Functional roadways classifications identify what function roadways should perform before determining street widths, speed limits, intersection control or other design features. Functional classification ensures that non-transportation factors, such as land use and development, are considered in planning and design of streets and highways.

The classifications also determine which routes should be part of the metropolitan highway system and which should receive regionally-allocated federal funds.

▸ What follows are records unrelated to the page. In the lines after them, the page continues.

text \<open>Algorithms are indexed 0..n-1.  s i m j is the (uncapped) runtime observed for
  algorithm i on the j-th instance (j < m) of round m; the capped observation at
  captime k is min (s i m j) k.  sel is the (arbitrary) tie-breaking rule choosing
  an element of argmax of LCB in round m.\<close>

definition up_alpha :: "nat \<Rightarrow> real \<Rightarrow> nat \<Rightarrow> real \<Rightarrow> real" where
  "up_alpha n \<delta> m k =
     sqrt (ln (11 * real n * real m ^ 2 * (log 2 k + 1) ^ 2 / \<delta>) / (2 * real m))"

definition up_Fhat :: "(nat \<Rightarrow> nat \<Rightarrow> nat \<Rightarrow> real) \<Rightarrow> nat \<Rightarrow> nat \<Rightarrow> real \<Rightarrow> real" where
  "up_Fhat s i m k = real (card {j. j < m \<and> min (s i m j) k < k}) / real m"

definition up_Uhat :: "(real \<Rightarrow> real) \<Rightarrow> (nat \<Rightarrow> nat \<Rightarrow> nat \<Rightarrow> real) \<Rightarrow> nat \<Rightarrow> nat \<Rightarrow> real \<Rightarrow> real" where
  "up_Uhat u s i m k = (\<Sum>j<m. u (min (s i m j) k)) / real m"

definition up_UCB :: "nat \<Rightarrow> real \<Rightarrow> (real \<Rightarrow> real) \<Rightarrow> (nat \<Rightarrow> nat \<Rightarrow> nat \<Rightarrow> real)
    \<Rightarrow> nat \<Rightarrow> nat \<Rightarrow> real \<Rightarrow> real" where
  "up_UCB n \<delta> u s i m k = up_Uhat u s i m k + (1 - u k) * up_alpha n \<delta> m k"

definition up_LCB :: "nat \<Rightarrow> real \<Rightarrow> (real \<Rightarrow> real) \<Rightarrow> (nat \<Rightarrow> nat \<Rightarrow> nat \<Rightarrow> real)
    \<Rightarrow> nat \<Rightarrow> nat \<Rightarrow> real \<Rightarrow> real" where
  "up_LCB n \<delta> u s i m k =
     up_Uhat u s i m k - up_alpha n \<delta> m k - u k * (1 - up_Fhat s i m k)"

text \<open>A state is the candidate set together with the current captimes.\<close>
type_synonym up_st = "nat set \<times> (nat \<Rightarrow> real)"

definition up_istar :: "nat \<Rightarrow> real \<Rightarrow> (real \<Rightarrow> real) \<Rightarrow> (nat \<Rightarrow> nat set \<Rightarrow> (nat \<Rightarrow> real) \<Rightarrow> nat)
    \<Rightarrow> (nat \<Rightarrow> nat \<Rightarrow> nat \<Rightarrow> real) \<Rightarrow> nat \<Rightarrow> up_st \<Rightarrow> nat" where
  "up_istar n \<delta> u sel s m st = sel m (fst st) (\<lambda>i. up_LCB n \<delta> u s i m (snd st i))"

definition up_round :: "nat \<Rightarrow> real \<Rightarrow> (real \<Rightarrow> real) \<Rightarrow> (nat \<Rightarrow> nat set \<Rightarrow> (nat \<Rightarrow> real) \<Rightarrow> nat)
    \<Rightarrow> (nat \<Rightarrow> nat \<Rightarrow> nat \<Rightarrow> real) \<Rightarrow> nat \<Rightarrow> up_st \<Rightarrow> up_st" where
  "up_round n \<delta> u sel s m st =
     (let I = fst st; k = snd st; c = up_LCB n \<delta> u s (up_istar n \<delta> u sel s m st) m
             (k (up_istar n \<delta> u sel s m st))
      in ({i \<in> I. \<not> up_UCB n \<delta> u s i m (k i) < c},
          \<lambda>i. if i \<in> I \<and> 2 * up_alpha n \<delta> m (k i) \<le> u (k i) * (1 - up_Fhat s i m (k i))
              then 2 * k i else k i))"
lemma card_GLball_le:
  fixes g :: "rat^'n^'n"
  assumes g: "invertible g" and R: "R \<ge> 0"
  shows "finite (GLball g R) \<and>
         real (card (GLball g R)) \<le> 3 ^ (CARD('n) * CARD('n)) * exp (4 * real (CARD('n) * CARD('n)) * R)"
proof
  define D where "D = CARD('n) * CARD('n)"
  define S where "S = rats_of_height \<lfloor>exp (2 * R)\<rfloor>"
  define M where "M = {k :: rat^'n^'n. \<forall>i j. k $ i $ j \<in> S}"
  have S: "finite S" "real (card S) \<le> 3 * exp (4 * R)"
    using card_rats_of_height card_rats_of_height_le[of "exp (2 * R)"] R
    by (simp_all add: S_def power2_eq_square flip: exp_add)
  have M: "finite M" "card M \<le> card S ^ D"
    using card_matrices_with_entries_in[OF S(1), where 'n='n and 'm='n] by (simp_all add: M_def D_def)
  have ball: "GLball g R \<subseteq> (\<lambda>k. g ** k) ` M"
    using GLball_subset[OF g] unfolding M_def S_def .
  show "finite (GLball g R)" using finite_subset[OF ball] M(1) by blast
  have "card (GLball g R) \<le> card ((\<lambda>k. g ** k) ` M)" using ball M(1) by (simp add: card_mono)
  also have "\<dots> \<le> card M" using M(1) by (rule card_image_le)
  finally have "real (card (GLball g R)) \<le> real (card S) ^ D"
    using M(2) by (metis of_nat_le_iff of_nat_power order_trans)
  also have "\<dots> \<le> (3 * exp (4 * R)) ^ D" by (rule power_mono[OF S(2)]) simp
  also have "\<dots> = 3 ^ D * exp (4 * real D * R)"
    by (simp add: power_mult_distrib mult.assoc flip: exp_of_nat_mult)
  finally show "real (card (GLball g R)) \<le> 3 ^ D * exp (4 * real D * R)" unfolding D_def .
qed

theorem lemma4p2:
  shows "\<exists>C::real. C > 0 \<and>
    (\<forall>(g :: rat^'n^'n) (R::real). invertible g \<longrightarrow> R \<ge> 0 \<longrightarrow>
       finite (GLball g R) \<and> real (card (GLball g R)) \<le> C * exp (C * R))"
proof (intro exI conjI allI impI)
  define D where "D = CARD('n) * CARD('n)"
  define C :: real where "C = 3 ^ D * (4 * real D)"
  have "D \<ge> 1" unfolding D_def by (simp add: Suc_le_eq)
  hence C: "3 ^ D \<le> C" "4 * real D \<le> C" "C > 0" unfolding C_def by simp_all
  thus "C > 0" by simp
  fix g :: "rat^'n^'n" and R :: real
  assume g: "invertible g" and R: "R \<ge> 0"
  show "finite (GLball g R)" using card_GLball_le[OF g R] by simp
  have "real (card (GLball g R)) \<le> 3 ^ D * exp (4 * real D * R)"
    using card_GLball_le[OF g R] unfolding D_def by simp
  also have "\<dots> \<le> C * exp (C * R)"
    using C R by (intro mult_mono) (simp_all add: mult_right_mono)
  finally show "real (card (GLball g R)) \<le> C * exp (C * R)" .
qed

end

The Federal Highway Administration (FHWA) requires the region to track designations and mileage of the existing highway system for various reasons. Cities, counties and MnDOT may also designate the functional classification of planned highways under their jurisdiction.

4 classes of roadways

The functional roadway classification system within the Twin Cities metro area consists of four classes of roadways:

  • principal arterials (which include interstate freeways)
  • minor arterials
  • collector streets
  • local streets

Principal arterials - 5.3%

The Metropolitan Highway System consists of 915 miles of principal arterials which represents 5.3% of road miles in the region. The principal arterials are the most heavily used roads in the area, carrying about 48% of the total vehicle miles traveled in the region. These roads are usually Interstate highways and other freeways or expressways. They are designed to carry longer trips at higher speeds with minimal land access. These roads are primarily owned and operated by MnDOT, although four are under the jurisdiction of counties. Changes to the Principal Arterial network are rigorously reviewed and must be approved by the MPO.

Minor arterials - 14.1%

There are 2,444 miles of minor arterials roads in the seven county metropolitan area, making up 14.1% of system miles. The region has subdivided the minor arterials into A-minors and Other Arterials (formerly called B-minor arterials). The A-minors are intended to supplement the capacity of the Principal Arterials and can compete for regionally allocated federal funds. There are 1942 centerline miles of these roads which are owned by MnDOT, counties, and cities. The A-minor system carries about 26% of the total vehicles miles traveled in the region.

Collectors and local roads - 80%

There are approximately 14,000 miles of collectors and local streets in the region; their primary function is land access. Local units of governments are responsible for planning for collectors and local roads.